- Instructions to follow:
Given the listing below, write out exactly the lines starting with the line that has "section \<open>Real functions" and going on through the line that has "has_field_derivative D) (at", both kept.

- Exercise input:
= = = =
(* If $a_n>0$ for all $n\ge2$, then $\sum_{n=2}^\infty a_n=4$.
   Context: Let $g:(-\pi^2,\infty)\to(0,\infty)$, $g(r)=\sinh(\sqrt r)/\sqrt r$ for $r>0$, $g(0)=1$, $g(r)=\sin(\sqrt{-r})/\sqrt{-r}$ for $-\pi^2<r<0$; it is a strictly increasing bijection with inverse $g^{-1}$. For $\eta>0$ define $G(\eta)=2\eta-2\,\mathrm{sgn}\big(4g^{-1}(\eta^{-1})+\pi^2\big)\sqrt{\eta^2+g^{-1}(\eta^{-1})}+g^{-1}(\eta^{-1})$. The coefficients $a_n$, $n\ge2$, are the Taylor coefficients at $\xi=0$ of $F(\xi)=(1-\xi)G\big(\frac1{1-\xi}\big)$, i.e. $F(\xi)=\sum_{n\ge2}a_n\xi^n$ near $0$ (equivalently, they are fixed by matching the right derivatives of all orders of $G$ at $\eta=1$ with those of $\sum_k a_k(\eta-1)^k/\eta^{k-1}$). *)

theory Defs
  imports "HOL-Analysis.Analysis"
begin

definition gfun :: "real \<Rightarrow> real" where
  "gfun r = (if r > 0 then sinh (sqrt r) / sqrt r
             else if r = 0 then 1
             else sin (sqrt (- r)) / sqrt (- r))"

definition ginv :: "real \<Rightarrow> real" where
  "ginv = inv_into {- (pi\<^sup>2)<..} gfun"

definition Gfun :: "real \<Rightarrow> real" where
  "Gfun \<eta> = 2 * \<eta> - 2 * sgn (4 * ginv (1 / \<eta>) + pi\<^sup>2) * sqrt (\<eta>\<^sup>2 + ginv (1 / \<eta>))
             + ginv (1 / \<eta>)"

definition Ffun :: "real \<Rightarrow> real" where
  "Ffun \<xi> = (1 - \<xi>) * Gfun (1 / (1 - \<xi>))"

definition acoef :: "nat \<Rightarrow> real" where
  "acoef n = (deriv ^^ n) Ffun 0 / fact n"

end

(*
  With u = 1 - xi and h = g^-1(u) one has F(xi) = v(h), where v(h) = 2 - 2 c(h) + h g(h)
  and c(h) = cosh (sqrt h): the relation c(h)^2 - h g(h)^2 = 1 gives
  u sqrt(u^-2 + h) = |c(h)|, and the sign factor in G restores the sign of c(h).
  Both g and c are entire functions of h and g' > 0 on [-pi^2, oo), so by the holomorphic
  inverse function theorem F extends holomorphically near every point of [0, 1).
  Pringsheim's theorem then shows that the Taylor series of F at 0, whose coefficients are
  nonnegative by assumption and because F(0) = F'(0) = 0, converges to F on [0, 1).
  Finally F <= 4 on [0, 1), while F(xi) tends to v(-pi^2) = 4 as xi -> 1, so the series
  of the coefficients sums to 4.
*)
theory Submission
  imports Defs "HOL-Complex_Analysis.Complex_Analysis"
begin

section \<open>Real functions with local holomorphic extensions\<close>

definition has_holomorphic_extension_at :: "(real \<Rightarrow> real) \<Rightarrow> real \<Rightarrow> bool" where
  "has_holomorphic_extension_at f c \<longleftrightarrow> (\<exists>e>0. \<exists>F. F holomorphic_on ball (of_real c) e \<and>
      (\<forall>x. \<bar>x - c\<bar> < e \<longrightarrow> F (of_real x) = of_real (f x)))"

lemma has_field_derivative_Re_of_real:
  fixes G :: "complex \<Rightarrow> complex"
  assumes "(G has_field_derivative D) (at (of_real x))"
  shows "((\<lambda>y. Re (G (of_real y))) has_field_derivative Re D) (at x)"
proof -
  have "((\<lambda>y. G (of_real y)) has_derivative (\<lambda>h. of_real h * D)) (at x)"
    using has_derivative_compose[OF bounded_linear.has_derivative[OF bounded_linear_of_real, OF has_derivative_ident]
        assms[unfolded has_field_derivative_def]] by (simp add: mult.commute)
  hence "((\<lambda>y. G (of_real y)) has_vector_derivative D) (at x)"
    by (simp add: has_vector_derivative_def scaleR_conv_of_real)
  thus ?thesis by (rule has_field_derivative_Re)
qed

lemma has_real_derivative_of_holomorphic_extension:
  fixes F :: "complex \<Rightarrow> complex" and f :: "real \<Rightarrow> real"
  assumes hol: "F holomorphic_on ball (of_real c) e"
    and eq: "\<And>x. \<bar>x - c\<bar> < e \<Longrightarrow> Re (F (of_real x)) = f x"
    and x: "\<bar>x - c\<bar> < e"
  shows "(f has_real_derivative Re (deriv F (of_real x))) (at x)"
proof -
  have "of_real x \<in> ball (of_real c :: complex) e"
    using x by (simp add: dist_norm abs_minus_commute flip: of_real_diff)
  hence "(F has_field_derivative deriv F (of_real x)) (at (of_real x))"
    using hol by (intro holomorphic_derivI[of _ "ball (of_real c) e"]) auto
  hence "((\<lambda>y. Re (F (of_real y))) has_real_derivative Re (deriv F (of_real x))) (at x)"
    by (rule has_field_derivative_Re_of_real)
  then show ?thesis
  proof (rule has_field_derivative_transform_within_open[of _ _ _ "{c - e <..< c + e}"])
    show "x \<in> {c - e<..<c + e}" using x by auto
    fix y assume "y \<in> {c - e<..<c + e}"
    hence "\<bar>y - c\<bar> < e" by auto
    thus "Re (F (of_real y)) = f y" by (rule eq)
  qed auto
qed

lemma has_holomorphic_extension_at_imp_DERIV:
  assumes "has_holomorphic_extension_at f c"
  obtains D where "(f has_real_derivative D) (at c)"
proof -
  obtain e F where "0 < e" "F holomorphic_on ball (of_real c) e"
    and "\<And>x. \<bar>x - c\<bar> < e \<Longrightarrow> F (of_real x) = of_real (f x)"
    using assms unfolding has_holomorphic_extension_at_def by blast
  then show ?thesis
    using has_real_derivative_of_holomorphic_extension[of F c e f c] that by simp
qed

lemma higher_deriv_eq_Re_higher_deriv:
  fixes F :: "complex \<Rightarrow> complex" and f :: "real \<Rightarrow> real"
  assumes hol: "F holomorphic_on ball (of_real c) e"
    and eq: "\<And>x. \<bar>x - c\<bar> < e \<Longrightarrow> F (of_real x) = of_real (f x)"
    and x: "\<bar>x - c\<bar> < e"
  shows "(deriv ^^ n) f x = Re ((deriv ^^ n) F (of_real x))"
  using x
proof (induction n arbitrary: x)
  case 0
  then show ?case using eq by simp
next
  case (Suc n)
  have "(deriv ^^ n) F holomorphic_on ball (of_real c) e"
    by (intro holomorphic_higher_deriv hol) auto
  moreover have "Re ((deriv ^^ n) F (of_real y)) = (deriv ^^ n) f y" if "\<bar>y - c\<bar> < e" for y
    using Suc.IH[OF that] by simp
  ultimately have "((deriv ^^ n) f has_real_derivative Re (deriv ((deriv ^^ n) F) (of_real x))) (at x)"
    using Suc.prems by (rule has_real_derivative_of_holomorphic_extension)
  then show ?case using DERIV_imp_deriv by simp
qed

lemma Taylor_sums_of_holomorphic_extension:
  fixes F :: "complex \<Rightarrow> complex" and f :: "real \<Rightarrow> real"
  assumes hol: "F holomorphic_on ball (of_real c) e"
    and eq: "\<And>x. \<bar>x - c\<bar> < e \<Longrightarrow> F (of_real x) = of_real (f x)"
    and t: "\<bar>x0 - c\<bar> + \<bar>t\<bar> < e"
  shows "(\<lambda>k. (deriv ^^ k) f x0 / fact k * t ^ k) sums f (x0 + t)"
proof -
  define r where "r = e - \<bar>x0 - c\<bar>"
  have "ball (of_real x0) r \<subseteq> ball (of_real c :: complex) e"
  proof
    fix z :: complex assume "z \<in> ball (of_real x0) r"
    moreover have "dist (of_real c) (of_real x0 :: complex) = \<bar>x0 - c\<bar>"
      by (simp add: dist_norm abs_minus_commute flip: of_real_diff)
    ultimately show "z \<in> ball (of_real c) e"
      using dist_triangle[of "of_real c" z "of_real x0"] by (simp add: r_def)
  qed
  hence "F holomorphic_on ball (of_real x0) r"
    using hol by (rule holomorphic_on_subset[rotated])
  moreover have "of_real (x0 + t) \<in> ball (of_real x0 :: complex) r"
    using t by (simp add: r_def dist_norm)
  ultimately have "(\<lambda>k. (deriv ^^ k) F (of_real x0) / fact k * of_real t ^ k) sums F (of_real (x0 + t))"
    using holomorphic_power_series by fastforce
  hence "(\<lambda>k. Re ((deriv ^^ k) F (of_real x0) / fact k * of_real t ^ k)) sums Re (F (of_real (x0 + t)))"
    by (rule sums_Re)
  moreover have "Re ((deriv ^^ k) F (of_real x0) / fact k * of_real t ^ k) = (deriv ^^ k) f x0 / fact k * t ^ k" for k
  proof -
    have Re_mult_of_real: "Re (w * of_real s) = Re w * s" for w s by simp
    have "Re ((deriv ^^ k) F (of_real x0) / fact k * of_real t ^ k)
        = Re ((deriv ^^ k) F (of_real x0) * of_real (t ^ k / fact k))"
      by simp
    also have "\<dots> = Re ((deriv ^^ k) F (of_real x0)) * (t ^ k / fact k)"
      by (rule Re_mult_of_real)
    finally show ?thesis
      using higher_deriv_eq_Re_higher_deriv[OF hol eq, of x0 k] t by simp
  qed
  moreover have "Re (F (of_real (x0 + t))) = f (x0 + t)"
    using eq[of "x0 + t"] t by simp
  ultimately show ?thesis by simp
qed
= = = =
- Task output:
section \<open>Real functions with local holomorphic extensions\<close>

definition has_holomorphic_extension_at :: "(real \<Rightarrow> real) \<Rightarrow> real \<Rightarrow> bool" where
  "has_holomorphic_extension_at f c \<longleftrightarrow> (\<exists>e>0. \<exists>F. F holomorphic_on ball (of_real c) e \<and>
      (\<forall>x. \<bar>x - c\<bar> < e \<longrightarrow> F (of_real x) = of_real (f x)))"

lemma has_field_derivative_Re_of_real:
  fixes G :: "complex \<Rightarrow> complex"
  assumes "(G has_field_derivative D) (at (of_real x))"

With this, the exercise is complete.